When a diagnostic trouble code (DTC) has been stored the freeze frames are also stored. These can be used to recreate the driving conditions for the diagnostic trouble code (DTC).
Tools:
- Reading off freeze frames, read off the freeze frame data for the relevant diagnostic trouble code (DTC)
- Status identifier, read off the status of the selected diagnostic trouble code (DTC)
- The counter indicates, amongst other things, how many fault free cycles have been carried out since the diagnostic trouble code (DTC) was stored.

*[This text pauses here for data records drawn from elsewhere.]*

lemma Delta_on_admissible_image: "Delta_on E X ` Collect (admissible E X) = Delta d ` {1..m_index d}"
proof (intro equalityI subsetI)
  fix x assume "x \<in> Delta_on E X ` Collect (admissible E X)"
  then obtain T where T: "admissible E X T" "x = Delta_on E X T" by blast
  let ?k = "card T"
  have "T \<subseteq> X" using T(1) by (simp add: admissible_def top_set_def)
  then have k: "?k \<le> length d" using card_mono[OF finite_X] bij_betw_same_card[OF bij] by simp
  then have "admissible E X (g ` {..<?k}) \<and> Delta_on E X (g ` {..<?k}) = Delta_on E X T"
    using admissible_top_set_eq[OF finite_X T(1) top_set_prefix card_prefix] by blast
  then have "?k \<in> {1..m_index d}" "x = Delta d ?k"
    using admissible_prefix_iff[OF k] Delta_on_prefix[OF k] T(2) by simp_all
  then show "x \<in> Delta d ` {1..m_index d}" by blast
next
  fix x assume "x \<in> Delta d ` {1..m_index d}"
  then obtain k where k: "k \<in> {1..m_index d}" "x = Delta d k" by blast
  then have "k \<le> length d" using mem_m_index_iff[OF sorted nonempty, of k] by blast
  then have "admissible E X (g ` {..<k})" "x = Delta_on E X (g ` {..<k})"
    using admissible_prefix_iff Delta_on_prefix k by simp_all
  then show "x \<in> Delta_on E X ` Collect (admissible E X)" by blast
qed

lemma Delta_star_attained: "\<exists>T. admissible E X T \<and> Delta_on E X T = Delta_star d"
proof -
  have "1 \<le> length d" using nonempty by (simp add: Suc_leI)
  then have "1 \<in> {1..m_index d}" using mem_m_index_iff[OF sorted nonempty, of 1] by simp
  then have "Delta_star d \<in> Delta d ` {1..m_index d}" unfolding Delta_star_def by (intro Max_in) auto
  then show ?thesis unfolding Delta_on_admissible_image[symmetric] by auto
qed

lemma Delta_on_le_Delta_star:
  assumes "admissible E X T"
  shows "Delta_on E X T \<le> Delta_star d"
proof -
  have "Delta_on E X T \<in> Delta d ` {1..m_index d}"
    using assms Delta_on_admissible_image by blast
  then show ?thesis unfolding Delta_star_def by (intro Max_ge) auto
qed

end

lemma realizes_degree_in:
  assumes "realizes E d" "i < length d"
  shows "degree_in E {..<length d} i = d ! i"
proof -
  have "{u\<in>{..<length d}. E i u} = {u. E i u}" using assms(1) by (auto simp: realizes_def)
  moreover have "card {u. E i u} = d ! i" using assms unfolding realizes_def by blast
  ultimately show ?thesis by (simp add: degree_in_def)
qed

lemma induced_degree_in:
  assumes "realizes H e" "inj_on f {..<length e}"
    and "\<forall>i < length e. \<forall>j < length e. H i j \<longleftrightarrow> G (f i) (f j)" "i < length e"
  shows "degree_in G (f ` {..<length e}) (f i) = e ! i"
proof -
  have "{u\<in>f ` {..<length e}. G (f i) u} = f ` {j\<in>{..<length e}. H i j}"
    using assms(3,4) by auto
  moreover have "card (f ` {j\<in>{..<length e}. H i j}) = degree_in H {..<length e} i"
    using assms(2) by (auto simp: degree_in_def intro!: card_image elim: inj_on_subset)
  ultimately show ?thesis using realizes_degree_in[OF assms(1,4)] by (simp add: degree_in_def)
qed

theorem theorem13:
  fixes e d :: "nat list"
  assumes "degree_seq e" and "degree_seq d" and "rao_le e d"
  shows "Delta_star e \<le> Delta_star d"
proof -
  obtain H G f where H: "realizes H e" and G: "realizes G d" and f: "inj_on f {..<length e}"
      "f ` {..<length e} \<subseteq> {..<length d}"
      "\<forall>i < length e. \<forall>j < length e. H i j \<longleftrightarrow> G (f i) (f j)"
    using assms(3) unfolding rao_le_def by blast
  let ?U = "f ` {..<length e}" and ?V = "{..<length d}"
  have "degree_labelling G ?U f e"
    using assms(1) f(1) induced_degree_in[OF H f(1) f(3)]
    by unfold_locales (auto simp: degree_seq_def inj_on_imp_bij_betw)
  then obtain S where S: "admissible G ?U S" "Delta_on G ?U S = Delta_star e"
    using degree_labelling.Delta_star_attained by blast
  have "symp G" "irreflp G" using G by (auto simp: realizes_def symp_def irreflp_def)
  moreover have "?U \<union> (?V - ?U) = ?V" using f(2) by blast
  ultimately obtain T where T: "admissible G ?V T" "Delta_on G ?U S \<le> Delta_on G ?V T"
    using admissible_superset[of ?U "?V - ?U" G S] S(1) by auto
  have "degree_labelling G ?V id d"
    using assms(2) realizes_degree_in[OF G] by unfold_locales (auto simp: degree_seq_def)
  then have "Delta_on G ?V T \<le> Delta_star d"
    using T(1) by (rule degree_labelling.Delta_on_le_Delta_star)
  then show ?thesis using S(2) T(2) by linarith
qed

end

Intermittent electrical fault
An intermittent electrical fault can be caused by faults in the wiring, components or connectors.
Possible fault causes for intermittent electrical faults are:
- Damaged terminal pins in the connector
- Loose connections in the connectors
- Poor ground connection (oxidation)
- Moisture, poor connections in the connector
- Defects, cracking, damage on the components
- Strong magnetic or other interference that has affected the control modules.

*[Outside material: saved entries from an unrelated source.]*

(* In a soft sequence heap with rank threshold $r_0=\lceil\lg(1/\epsilon)\rceil$, at any time, for every sequence $L$ of rank $r$ and every $x\in\{-\infty\}\cup U$ (where $U$ is the key universe), $|D(L,x)|\le d_r$, where $d_r=0$ for $r\le r_0$ and $d_r=2^{r-r_0-1}$ for $r>r_0$. In particular, the number of corrupted items associated with $L$, namely $|D(L,-\infty)|$, is at most $d_r$.
   Context: Soft sequence heap with error parameter $0<\epsilon<1$. Let $r_0=\lceil \lg(1/\epsilon)\rceil$, where $\lg$ is the binary logarithm. Items are (key, value) pairs with keys from a totally ordered universe $U$; all keys are assumed distinct, and $\mathrm{key}(e)$ denotes the (real) key of item $e$. The heap stores a list $\mathcal L=L_1,\dots,L_\ell$ of nonempty sequences, each sorted increasingly by key and having a nonnegative integer rank, with $\mathrm{rank}(L_1)<\dots<\mathrm{rank}(L_\ell)$. Each item $e$ currently in a sequence carries a (possibly empty) corruption-set $C(e)$ and witness-set $W(e)$. Every item in the heap lies either in exactly one sequence or in exactly one corruption-set $C(e')$ with $e'$ in a sequence, and may additionally lie in one witness-set. The operation $\mathrm{reduce}(L)$ on a sorted sequence $L=e_1,\dots,e_m$: for every $1\le i<m/2$, the item $e_{2i}$ is removed from $L$, the items $\{e_{2i}\}\cup C(e_{2i})$ are added to $C(e_{2i+1})$, and the items $\{e_{2i}\}\cup W(e_{2i})$ are added to $W(e_{2i-1})$ (the sets $C(e_{2i}),W(e_{2i})$ cease to exist). Merging two sequences of equal rank $r$ produces their sorted union, of rank $r+1$ (corruption- and witness-sets unchanged); if $r+1>r_0$ and $r+1-r_0$ is even, $\mathrm{reduce}$ is then applied to the result. \textsf{insert}$(e)$ puts a new rank-$0$ sequence $(e)$ (with empty sets) at the front of $\mathcal L$ and, while the first two sequences have equal rank, merges them; \textsf{meld} merges two heaps' lists by rank and then merges equal-rank sequences. \textsf{extract-min}: let $e$ be the head of a sequence whose head has minimum key; if $C(e)\neq\emptyset$, remove some $e'$ from $C(e)$ and return it; otherwise remove $e$ from its sequence and its items of $W(e)$ lose their witness (they are in no witness-set afterwards). An item is corrupted if it lies in some corruption-set $C(e')$ and in no witness-set. For an item $e\in C(e')$ with $e'$ in a sequence, define the interval $I(e)=(\mathrm{key}(e''),\mathrm{key}(e')]$ if $e\in W(e'')$ for some $e''$, and $I(e)=(-\infty,\mathrm{key}(e')]$ if $e$ lies in no witness-set. For a sequence $L$ and $x$, $D(L,x)=\{e:\exists e'\in L,\ e\in C(e'),\ x\in I(e)\}$. *)

theory Defs
  imports Complex_Main
begin

text \<open>Items are identified with their (distinct) keys, which are
elements of a linearly ordered type; values play no role. A heap state consists of the
list of sequences (each a sorted list of items together with its rank), the
corruption-sets C and the witness-sets W of items lying in sequences.\<close>

record 'k sheap =
  seqs :: "('k list \<times> nat) list"
  cmap :: "'k \<Rightarrow> 'k set"
  wmap :: "'k \<Rightarrow> 'k set"

definition seq_items :: "('k, 'z) sheap_scheme \<Rightarrow> 'k set" where
  "seq_items H = (\<Union>(L, r)\<in>set (seqs H). set L)"

definition heap_items :: "('k, 'z) sheap_scheme \<Rightarrow> 'k set" where
  "heap_items H = seq_items H \<union> (\<Union>e\<in>seq_items H. cmap H e)"

definition seq_heads :: "('k, 'z) sheap_scheme \<Rightarrow> 'k set" where
  "seq_heads H = (\<lambda>(L, r). hd L) ` set (seqs H)"

text \<open>0-indexed position j holds e_(j+1); the removed items e_(2i), 1 \<le> i < m/2,
are exactly those at odd positions j with j+1 < m.\<close>
definition red_pos :: "'k list \<Rightarrow> nat \<Rightarrow> bool" where
  "red_pos L j \<longleftrightarrow> odd j \<and> j + 1 < length L"

definition reduce ::
  "'k list \<Rightarrow> ('k \<Rightarrow> 'k set) \<Rightarrow> ('k \<Rightarrow> 'k set)
    \<Rightarrow> 'k list \<times> ('k \<Rightarrow> 'k set) \<times> ('k \<Rightarrow> 'k set)" where
  "reduce L C W =
    (let R = {L ! j | j. red_pos L j} in
     ([L ! j. j \<leftarrow> [0..<length L], \<not> red_pos L j],
      (\<lambda>e. if e \<in> R then {}
           else C e \<union> (\<Union>j\<in>{j. red_pos L j \<and> L ! (j + 1) = e}. insert (L ! j) (C (L ! j)))),
      (\<lambda>e. if e \<in> R then {}
           else W e \<union> (\<Union>j\<in>{j. red_pos L j \<and> L ! (j - 1) = e}. insert (L ! j) (W (L ! j))))))"

definition merge ::
  "nat \<Rightarrow> ('k::linorder list \<times> nat) \<Rightarrow> ('k list \<times> nat) \<Rightarrow> ('k \<Rightarrow> 'k set) \<Rightarrow> ('k \<Rightarrow> 'k set)
    \<Rightarrow> ('k list \<times> nat) \<times> ('k \<Rightarrow> 'k set) \<times> ('k \<Rightarrow> 'k set)" where
  "merge r0 A B C W =
    (let L = sort (fst A @ fst B); r = Suc (snd A) in
     if r > r0 \<and> even (r - r0)
     then (case reduce L C W of (L', C', W') \<Rightarrow> ((L', r), C', W'))
     else ((L, r), C, W))"

definition merge_step :: "nat \<Rightarrow> 'k::linorder sheap \<Rightarrow> 'k sheap \<Rightarrow> bool" where
  "merge_step r0 H H' \<longleftrightarrow>
    (\<exists>xs A B ys. seqs H = xs @ A # B # ys \<and> snd A = snd B \<and>
      (case merge r0 A B (cmap H) (wmap H) of (M, C', W') \<Rightarrow>
         H' = \<lparr>seqs = xs @ M # ys, cmap = C', wmap = W'\<rparr>))"

definition normalize :: "nat \<Rightarrow> 'k::linorder sheap \<Rightarrow> 'k sheap \<Rightarrow> bool" where
  "normalize r0 H H' \<longleftrightarrow> (merge_step r0)\<^sup>*\<^sup>* H H' \<and> sorted_wrt (<) (map snd (seqs H'))"

definition empty_heap :: "'k sheap" where
  "empty_heap = \<lparr>seqs = [], cmap = (\<lambda>_. {}), wmap = (\<lambda>_. {})\<rparr>"

definition insert_init :: "'k \<Rightarrow> 'k sheap \<Rightarrow> 'k sheap" where
  "insert_init e H = \<lparr>seqs = ([e], 0) # seqs H, cmap = (cmap H)(e := {}), wmap = (wmap H)(e := {})\<rparr>"

definition meld_init :: "'k sheap \<Rightarrow> 'k sheap \<Rightarrow> 'k sheap" where
  "meld_init H1 H2 =
    \<lparr>seqs = sort_key snd (seqs H1 @ seqs H2),
     cmap = (\<lambda>e. if e \<in> seq_items H1 then cmap H1 e else cmap H2 e),
     wmap = (\<lambda>e. if e \<in> seq_items H1 then wmap H1 e else wmap H2 e)\<rparr>"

Intermittent functional faults
Intermittent functional faults could be caused by mechanical defects in the components.
- Cracked or blocked hoses
- Incorrect oils, fluids
- Incorrect fuel
- Sticking mechanical components.

Intermittent internal faults
Intermittent internal faults could be due to:
- Electromechanical interference
- Power supply too low
- Oxidized ground terminal for the control module
- Defective internal components.

Intermittent communication problems
Intermittent communication problems could be due to:
- Electromechanical interference
- Oxidation / loose connections in the connectors
- Defective signal cables.

Simulating fault causes
A large amount of input data is a required to recreate and simulate fault occurring circumstances.
Certain cases can be difficult to recreate. High speed driving and stalling to achieve high loads is not recommended.
In order to achieve high loads accelerate hard in quick succession a number of time instead.
Cases that are possible to simulate:
- high load
- moisture
- heat
- cold
- loose connections.

High load
High load can be simulated by accelerating hard repeatedly.

Moisture
Moisture can be simulated by spraying water on the suspected faulty component or connector using a spray bottle or hose.

Heat
Heat can be simulated by using a hot air gun or similar to heat up a suspected faulty component or connector.
In order to achieve a high engine temperature allow the engine to idle at a high load with the hood down to prevent air flowing through the engine compartment. Run the engine in hot conditions. Read off the engine coolant temperature (ECT) using VIDA, the temperature gauge in the combined instrument panel is progressive.

Cold
Cold can be simulated by cooling down the suspected faulty component or connector using a freeze spray.

Loose connections
Loose connections can be simulated by twisting and shaking the connector whilst the function is activated.